## What this task involves
Go through the listing below and output exactly the line with "n \<le> (\<delta>", the line with "using sum_matrix_vector_mult_sq_le[of R", and each line between; omit the rest.

## Provided information
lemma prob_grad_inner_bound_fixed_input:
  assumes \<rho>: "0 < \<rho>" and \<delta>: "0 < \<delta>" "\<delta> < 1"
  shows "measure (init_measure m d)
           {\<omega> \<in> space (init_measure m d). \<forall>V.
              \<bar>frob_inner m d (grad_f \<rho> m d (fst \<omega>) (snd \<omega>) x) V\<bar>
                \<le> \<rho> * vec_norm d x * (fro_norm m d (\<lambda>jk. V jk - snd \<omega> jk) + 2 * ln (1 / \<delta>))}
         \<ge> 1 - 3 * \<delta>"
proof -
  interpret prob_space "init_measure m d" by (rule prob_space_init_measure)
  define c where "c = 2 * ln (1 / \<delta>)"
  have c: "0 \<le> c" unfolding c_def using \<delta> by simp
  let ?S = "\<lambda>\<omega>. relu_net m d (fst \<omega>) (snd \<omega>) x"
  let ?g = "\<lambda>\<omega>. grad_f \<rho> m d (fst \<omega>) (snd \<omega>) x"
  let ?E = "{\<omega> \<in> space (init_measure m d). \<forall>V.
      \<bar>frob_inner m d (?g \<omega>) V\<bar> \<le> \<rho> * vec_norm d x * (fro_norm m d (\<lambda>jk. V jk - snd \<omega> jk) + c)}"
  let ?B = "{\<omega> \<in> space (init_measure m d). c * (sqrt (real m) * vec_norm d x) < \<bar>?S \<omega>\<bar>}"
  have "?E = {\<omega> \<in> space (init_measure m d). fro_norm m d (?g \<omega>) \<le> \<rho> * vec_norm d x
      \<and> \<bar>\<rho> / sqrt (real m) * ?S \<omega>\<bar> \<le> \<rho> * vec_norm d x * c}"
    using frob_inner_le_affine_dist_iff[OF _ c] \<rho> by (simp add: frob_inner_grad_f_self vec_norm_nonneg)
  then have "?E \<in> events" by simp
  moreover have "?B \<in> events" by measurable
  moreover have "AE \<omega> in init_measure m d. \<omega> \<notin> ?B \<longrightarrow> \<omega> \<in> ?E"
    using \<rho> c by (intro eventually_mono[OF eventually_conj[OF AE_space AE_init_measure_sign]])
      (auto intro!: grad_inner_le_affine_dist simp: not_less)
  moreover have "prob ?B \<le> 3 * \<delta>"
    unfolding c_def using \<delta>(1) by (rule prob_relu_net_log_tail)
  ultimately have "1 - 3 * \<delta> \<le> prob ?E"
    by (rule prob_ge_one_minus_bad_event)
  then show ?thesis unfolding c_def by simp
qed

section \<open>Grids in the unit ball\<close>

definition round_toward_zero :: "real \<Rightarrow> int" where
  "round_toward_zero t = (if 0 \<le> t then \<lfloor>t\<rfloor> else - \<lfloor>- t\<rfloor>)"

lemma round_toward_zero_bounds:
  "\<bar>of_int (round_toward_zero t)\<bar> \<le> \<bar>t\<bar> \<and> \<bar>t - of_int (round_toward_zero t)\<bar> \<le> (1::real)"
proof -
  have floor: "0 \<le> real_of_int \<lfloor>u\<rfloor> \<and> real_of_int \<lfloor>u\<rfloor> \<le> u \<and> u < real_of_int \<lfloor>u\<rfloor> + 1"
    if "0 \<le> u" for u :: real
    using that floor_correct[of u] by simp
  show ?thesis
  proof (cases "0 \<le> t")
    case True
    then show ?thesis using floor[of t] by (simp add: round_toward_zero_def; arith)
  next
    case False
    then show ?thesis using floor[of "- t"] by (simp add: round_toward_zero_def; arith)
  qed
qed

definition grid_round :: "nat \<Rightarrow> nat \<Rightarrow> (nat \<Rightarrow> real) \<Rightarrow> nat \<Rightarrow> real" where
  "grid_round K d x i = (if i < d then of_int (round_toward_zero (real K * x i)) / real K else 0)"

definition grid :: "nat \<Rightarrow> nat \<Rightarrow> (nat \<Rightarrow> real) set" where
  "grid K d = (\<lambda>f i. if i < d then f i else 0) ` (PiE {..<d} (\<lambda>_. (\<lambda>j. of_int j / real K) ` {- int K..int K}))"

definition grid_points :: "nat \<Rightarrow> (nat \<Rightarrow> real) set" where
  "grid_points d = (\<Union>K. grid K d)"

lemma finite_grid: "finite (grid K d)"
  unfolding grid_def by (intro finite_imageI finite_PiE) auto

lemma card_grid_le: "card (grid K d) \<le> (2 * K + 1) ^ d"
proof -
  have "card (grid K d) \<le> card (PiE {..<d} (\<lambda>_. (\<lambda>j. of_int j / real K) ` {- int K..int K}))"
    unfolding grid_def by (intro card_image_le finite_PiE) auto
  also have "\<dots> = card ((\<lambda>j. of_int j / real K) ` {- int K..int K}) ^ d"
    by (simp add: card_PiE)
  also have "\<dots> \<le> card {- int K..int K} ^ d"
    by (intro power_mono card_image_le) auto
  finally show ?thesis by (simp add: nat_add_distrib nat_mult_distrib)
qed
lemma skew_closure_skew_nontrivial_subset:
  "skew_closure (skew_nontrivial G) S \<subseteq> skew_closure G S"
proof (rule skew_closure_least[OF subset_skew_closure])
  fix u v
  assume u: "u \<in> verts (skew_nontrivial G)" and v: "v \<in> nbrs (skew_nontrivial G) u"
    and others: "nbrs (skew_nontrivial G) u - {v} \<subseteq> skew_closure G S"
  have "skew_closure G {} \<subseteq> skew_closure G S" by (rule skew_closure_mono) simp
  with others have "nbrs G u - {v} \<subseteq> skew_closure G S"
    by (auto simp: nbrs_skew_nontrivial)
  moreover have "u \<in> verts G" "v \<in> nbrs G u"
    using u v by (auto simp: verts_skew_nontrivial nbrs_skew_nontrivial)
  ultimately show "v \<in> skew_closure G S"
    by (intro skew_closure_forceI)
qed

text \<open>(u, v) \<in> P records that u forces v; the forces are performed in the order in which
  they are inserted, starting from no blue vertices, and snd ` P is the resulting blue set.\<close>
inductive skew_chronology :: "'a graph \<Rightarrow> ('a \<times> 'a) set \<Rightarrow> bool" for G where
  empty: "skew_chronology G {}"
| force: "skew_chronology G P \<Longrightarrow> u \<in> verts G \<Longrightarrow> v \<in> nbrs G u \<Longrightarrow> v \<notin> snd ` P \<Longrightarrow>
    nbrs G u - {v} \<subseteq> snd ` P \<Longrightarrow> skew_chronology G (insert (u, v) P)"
==
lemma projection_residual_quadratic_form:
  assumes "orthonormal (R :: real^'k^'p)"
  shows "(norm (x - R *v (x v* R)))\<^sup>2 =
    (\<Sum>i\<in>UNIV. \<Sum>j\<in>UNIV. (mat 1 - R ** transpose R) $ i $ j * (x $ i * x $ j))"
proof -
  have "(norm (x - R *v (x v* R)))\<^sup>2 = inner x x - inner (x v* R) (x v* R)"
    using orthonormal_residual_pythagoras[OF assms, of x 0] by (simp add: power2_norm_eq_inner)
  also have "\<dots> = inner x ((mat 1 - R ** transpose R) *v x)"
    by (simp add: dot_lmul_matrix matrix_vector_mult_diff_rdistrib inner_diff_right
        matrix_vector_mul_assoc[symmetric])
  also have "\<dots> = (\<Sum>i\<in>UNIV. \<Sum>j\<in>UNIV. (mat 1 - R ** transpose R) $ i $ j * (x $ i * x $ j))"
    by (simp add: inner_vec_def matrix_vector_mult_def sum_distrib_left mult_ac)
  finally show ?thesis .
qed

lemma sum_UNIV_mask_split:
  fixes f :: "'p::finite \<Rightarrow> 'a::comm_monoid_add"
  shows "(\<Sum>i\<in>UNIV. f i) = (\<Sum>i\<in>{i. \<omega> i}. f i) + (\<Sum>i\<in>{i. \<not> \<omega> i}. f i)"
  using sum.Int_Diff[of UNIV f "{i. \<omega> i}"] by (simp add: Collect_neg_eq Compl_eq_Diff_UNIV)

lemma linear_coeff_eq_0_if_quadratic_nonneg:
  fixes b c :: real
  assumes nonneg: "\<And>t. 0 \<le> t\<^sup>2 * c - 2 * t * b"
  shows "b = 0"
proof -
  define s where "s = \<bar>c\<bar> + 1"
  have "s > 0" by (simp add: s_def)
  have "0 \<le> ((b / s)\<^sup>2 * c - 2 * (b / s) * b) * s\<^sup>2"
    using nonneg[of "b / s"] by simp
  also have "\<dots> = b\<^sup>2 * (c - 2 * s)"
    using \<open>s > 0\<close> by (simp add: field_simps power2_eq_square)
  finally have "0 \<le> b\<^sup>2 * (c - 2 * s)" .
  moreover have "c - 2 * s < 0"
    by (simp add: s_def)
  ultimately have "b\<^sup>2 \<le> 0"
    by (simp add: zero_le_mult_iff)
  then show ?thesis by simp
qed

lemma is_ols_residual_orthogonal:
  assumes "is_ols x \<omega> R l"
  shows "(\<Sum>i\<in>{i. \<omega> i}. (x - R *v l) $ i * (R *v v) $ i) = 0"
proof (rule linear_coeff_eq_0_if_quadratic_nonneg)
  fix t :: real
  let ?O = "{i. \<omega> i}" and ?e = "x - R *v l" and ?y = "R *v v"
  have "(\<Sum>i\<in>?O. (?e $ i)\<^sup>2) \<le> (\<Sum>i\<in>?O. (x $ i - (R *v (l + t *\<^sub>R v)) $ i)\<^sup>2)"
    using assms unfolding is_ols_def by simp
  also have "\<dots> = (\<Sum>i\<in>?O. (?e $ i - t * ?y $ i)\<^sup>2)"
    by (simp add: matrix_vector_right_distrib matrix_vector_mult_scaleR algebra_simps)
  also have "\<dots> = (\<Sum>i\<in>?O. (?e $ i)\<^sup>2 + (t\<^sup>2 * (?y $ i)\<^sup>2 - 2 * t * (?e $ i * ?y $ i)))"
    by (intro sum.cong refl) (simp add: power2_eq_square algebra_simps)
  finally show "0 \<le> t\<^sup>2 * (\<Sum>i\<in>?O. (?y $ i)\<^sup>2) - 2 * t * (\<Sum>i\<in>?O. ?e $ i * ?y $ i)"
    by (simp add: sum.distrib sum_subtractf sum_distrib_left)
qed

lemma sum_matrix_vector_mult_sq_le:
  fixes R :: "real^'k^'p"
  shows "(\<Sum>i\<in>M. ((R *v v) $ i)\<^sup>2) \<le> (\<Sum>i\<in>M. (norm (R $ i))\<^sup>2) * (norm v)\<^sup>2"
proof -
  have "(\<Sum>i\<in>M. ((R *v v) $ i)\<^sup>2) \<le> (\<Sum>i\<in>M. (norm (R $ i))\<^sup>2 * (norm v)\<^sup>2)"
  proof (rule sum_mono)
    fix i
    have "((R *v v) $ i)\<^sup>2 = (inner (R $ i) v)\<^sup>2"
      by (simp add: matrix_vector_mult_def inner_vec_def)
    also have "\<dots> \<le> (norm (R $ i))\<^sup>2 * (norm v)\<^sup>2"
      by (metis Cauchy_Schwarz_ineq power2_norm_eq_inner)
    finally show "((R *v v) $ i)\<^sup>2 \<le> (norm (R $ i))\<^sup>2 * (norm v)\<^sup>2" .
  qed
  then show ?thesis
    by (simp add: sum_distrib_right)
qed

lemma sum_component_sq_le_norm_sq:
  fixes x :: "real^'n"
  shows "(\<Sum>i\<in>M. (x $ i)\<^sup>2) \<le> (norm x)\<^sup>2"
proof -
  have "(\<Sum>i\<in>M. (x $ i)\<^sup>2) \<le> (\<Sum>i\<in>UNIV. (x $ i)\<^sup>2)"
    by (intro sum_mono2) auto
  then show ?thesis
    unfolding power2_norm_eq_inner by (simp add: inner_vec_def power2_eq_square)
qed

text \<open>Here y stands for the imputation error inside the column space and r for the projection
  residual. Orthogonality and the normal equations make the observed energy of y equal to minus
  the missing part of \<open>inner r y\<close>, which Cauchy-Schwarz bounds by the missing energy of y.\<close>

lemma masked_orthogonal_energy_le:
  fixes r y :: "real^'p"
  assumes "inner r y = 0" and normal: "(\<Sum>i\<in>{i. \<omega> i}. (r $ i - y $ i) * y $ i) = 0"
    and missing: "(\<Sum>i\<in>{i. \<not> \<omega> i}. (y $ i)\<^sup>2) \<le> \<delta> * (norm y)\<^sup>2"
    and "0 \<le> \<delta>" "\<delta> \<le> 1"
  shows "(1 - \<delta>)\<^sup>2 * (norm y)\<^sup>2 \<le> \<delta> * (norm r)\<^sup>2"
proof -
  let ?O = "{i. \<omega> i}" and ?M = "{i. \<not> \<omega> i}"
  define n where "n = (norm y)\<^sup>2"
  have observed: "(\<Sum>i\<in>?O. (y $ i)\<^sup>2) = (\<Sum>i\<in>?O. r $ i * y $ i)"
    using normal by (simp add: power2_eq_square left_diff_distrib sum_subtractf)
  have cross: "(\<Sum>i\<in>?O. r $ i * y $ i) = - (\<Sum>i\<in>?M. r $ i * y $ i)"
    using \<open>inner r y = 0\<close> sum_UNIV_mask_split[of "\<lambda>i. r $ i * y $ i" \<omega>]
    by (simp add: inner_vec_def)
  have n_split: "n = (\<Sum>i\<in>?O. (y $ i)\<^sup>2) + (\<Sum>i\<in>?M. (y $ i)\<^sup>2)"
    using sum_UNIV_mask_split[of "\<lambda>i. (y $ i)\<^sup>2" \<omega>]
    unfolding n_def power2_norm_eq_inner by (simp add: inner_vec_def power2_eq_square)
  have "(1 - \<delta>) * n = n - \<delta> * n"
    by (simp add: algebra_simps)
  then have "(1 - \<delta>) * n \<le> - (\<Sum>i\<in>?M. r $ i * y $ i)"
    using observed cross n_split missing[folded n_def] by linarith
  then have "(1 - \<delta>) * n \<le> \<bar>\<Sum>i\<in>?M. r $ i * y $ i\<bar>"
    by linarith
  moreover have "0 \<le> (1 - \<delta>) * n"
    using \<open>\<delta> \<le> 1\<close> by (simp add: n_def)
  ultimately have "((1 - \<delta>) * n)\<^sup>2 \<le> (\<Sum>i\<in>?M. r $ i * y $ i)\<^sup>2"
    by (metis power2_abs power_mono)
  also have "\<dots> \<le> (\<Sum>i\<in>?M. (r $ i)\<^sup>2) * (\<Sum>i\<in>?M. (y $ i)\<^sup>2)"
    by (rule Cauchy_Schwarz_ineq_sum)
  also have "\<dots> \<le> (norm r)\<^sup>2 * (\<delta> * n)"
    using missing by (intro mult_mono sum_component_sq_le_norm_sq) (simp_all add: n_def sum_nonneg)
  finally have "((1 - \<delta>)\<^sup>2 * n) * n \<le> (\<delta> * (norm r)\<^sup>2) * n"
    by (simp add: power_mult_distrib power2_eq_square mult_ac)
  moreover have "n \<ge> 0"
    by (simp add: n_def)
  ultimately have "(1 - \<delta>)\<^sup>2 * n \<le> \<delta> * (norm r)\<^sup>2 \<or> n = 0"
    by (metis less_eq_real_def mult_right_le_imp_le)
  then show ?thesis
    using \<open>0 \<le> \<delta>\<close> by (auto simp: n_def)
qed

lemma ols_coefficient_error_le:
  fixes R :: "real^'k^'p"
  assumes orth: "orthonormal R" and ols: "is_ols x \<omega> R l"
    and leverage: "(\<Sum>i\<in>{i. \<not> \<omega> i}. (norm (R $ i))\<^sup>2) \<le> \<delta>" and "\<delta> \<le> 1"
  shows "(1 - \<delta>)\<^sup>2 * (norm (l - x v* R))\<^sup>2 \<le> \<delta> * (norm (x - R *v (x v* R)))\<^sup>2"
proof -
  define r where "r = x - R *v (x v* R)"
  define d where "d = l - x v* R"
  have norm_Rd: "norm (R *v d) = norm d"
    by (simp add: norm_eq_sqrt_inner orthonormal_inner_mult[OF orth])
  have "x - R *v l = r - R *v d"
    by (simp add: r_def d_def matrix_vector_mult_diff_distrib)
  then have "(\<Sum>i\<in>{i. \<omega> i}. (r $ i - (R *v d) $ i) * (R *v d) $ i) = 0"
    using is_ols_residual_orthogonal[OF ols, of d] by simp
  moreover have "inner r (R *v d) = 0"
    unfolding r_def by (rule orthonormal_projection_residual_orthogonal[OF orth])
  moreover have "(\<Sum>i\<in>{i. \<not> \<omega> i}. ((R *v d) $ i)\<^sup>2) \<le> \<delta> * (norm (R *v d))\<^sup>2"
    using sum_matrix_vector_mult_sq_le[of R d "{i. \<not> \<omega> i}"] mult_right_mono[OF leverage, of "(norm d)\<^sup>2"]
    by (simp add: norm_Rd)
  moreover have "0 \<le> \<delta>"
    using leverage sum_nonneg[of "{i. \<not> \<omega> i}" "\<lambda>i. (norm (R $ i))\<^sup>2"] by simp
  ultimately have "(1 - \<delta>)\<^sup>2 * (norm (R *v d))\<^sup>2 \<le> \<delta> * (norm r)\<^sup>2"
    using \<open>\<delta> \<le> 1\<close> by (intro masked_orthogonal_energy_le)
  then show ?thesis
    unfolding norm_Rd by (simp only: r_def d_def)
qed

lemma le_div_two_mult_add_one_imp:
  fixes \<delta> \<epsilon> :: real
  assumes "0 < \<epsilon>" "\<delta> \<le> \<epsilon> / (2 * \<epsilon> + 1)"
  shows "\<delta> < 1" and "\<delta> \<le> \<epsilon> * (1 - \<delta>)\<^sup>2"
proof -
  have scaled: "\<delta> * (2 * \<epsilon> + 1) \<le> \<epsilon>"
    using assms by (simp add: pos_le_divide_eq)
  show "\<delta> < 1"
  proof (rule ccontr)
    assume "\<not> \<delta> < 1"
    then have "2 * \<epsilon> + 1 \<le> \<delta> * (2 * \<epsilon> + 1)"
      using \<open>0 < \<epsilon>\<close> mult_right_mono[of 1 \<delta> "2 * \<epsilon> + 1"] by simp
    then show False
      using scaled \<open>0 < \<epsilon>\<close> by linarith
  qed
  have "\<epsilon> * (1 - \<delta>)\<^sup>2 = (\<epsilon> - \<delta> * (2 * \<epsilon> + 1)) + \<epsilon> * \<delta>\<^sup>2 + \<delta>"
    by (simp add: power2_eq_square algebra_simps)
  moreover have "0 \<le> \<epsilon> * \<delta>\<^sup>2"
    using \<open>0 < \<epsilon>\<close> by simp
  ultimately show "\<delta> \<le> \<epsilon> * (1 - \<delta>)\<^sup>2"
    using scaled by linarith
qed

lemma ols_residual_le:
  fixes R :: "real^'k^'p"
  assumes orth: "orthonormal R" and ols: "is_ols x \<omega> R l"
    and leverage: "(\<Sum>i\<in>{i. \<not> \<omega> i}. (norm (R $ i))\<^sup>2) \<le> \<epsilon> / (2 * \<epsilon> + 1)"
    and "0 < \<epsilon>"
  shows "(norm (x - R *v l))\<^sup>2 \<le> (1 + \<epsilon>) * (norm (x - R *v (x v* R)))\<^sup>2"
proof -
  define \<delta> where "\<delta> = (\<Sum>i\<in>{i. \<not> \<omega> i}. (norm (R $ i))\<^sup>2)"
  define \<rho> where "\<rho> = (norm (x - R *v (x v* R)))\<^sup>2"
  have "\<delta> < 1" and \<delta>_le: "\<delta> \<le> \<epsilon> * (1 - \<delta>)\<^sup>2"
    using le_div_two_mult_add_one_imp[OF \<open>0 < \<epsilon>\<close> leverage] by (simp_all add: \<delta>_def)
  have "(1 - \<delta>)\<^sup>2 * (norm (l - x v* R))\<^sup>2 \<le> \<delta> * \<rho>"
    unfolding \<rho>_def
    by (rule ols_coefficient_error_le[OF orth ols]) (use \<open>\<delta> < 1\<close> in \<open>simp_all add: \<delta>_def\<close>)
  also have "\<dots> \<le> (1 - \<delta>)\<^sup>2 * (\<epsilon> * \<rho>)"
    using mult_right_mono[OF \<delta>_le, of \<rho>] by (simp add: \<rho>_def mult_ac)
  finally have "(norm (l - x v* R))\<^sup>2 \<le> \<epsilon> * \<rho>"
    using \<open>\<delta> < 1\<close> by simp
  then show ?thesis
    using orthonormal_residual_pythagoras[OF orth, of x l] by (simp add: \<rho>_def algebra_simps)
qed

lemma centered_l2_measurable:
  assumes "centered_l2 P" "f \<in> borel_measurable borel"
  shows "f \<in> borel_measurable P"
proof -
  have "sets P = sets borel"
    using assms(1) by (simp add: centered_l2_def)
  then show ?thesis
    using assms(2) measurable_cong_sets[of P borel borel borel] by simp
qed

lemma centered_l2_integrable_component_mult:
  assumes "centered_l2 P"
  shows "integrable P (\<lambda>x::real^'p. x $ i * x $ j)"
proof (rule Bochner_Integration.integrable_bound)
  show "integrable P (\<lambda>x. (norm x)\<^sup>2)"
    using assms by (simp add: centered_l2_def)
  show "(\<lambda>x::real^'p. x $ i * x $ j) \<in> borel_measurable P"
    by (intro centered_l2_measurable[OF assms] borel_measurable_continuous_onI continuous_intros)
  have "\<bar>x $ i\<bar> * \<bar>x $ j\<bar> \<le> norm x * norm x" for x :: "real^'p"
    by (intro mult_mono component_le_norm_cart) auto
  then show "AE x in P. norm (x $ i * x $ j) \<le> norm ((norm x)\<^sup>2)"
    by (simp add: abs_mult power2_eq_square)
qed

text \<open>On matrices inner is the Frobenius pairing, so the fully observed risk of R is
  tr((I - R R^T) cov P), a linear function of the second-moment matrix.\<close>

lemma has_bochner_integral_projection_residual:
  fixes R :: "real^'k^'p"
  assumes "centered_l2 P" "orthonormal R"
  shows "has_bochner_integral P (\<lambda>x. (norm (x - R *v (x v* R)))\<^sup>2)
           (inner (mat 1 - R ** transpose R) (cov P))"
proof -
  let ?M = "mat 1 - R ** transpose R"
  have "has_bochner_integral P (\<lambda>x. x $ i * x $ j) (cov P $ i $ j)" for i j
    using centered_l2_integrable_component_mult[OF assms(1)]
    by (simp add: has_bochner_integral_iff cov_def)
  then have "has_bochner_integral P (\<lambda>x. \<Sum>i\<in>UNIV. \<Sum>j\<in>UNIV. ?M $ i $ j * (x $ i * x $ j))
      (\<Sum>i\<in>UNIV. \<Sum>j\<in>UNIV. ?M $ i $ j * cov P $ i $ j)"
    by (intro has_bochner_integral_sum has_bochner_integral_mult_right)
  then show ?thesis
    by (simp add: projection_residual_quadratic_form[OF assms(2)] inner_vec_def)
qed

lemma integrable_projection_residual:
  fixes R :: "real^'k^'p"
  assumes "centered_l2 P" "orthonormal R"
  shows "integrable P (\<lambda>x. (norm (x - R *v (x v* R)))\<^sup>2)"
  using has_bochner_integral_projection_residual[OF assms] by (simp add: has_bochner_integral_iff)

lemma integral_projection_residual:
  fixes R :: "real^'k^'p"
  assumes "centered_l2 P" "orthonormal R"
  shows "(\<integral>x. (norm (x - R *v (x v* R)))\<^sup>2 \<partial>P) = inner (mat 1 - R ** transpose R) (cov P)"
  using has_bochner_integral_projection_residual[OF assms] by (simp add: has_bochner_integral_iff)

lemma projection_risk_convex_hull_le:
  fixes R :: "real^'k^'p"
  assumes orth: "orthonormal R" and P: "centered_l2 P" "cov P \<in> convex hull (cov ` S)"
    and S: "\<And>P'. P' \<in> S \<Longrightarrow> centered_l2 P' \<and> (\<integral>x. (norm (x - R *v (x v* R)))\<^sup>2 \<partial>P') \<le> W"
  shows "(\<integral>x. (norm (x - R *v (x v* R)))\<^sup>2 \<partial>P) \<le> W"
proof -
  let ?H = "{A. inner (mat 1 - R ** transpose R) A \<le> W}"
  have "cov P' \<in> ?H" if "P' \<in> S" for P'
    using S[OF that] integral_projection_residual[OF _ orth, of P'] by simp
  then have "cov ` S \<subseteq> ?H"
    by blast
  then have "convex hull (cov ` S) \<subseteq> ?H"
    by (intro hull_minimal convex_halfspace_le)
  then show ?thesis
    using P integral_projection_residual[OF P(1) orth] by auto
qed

## Exercise answer
  finally have "((1 - \<delta>)\<^sup>2 * n) * n \<le> (\<delta> * (norm r)\<^sup>2) * n"
    by (simp add: power_mult_distrib power2_eq_square mult_ac)
  moreover have "n \<ge> 0"
    by (simp add: n_def)
  ultimately have "(1 - \<delta>)\<^sup>2 * n \<le> \<delta> * (norm r)\<^sup>2 \<or> n = 0"
    by (metis less_eq_real_def mult_right_le_imp_le)
  then show ?thesis
    using \<open>0 \<le> \<delta>\<close> by (auto simp: n_def)
qed

lemma ols_coefficient_error_le:
  fixes R :: "real^'k^'p"
  assumes orth: "orthonormal R" and ols: "is_ols x \<omega> R l"
    and leverage: "(\<Sum>i\<in>{i. \<not> \<omega> i}. (norm (R $ i))\<^sup>2) \<le> \<delta>" and "\<delta> \<le> 1"
  shows "(1 - \<delta>)\<^sup>2 * (norm (l - x v* R))\<^sup>2 \<le> \<delta> * (norm (x - R *v (x v* R)))\<^sup>2"
proof -
  define r where "r = x - R *v (x v* R)"
  define d where "d = l - x v* R"
  have norm_Rd: "norm (R *v d) = norm d"
    by (simp add: norm_eq_sqrt_inner orthonormal_inner_mult[OF orth])
  have "x - R *v l = r - R *v d"
    by (simp add: r_def d_def matrix_vector_mult_diff_distrib)
  then have "(\<Sum>i\<in>{i. \<omega> i}. (r $ i - (R *v d) $ i) * (R *v d) $ i) = 0"
    using is_ols_residual_orthogonal[OF ols, of d] by simp
  moreover have "inner r (R *v d) = 0"
    unfolding r_def by (rule orthonormal_projection_residual_orthogonal[OF orth])
  moreover have "(\<Sum>i\<in>{i. \<not> \<omega> i}. ((R *v d) $ i)\<^sup>2) \<le> \<delta> * (norm (R *v d))\<^sup>2"
    using sum_matrix_vector_mult_sq_le[of R d "{i. \<not> \<omega> i}"] mult_right_mono[OF leverage, of "(norm d)\<^sup>2"]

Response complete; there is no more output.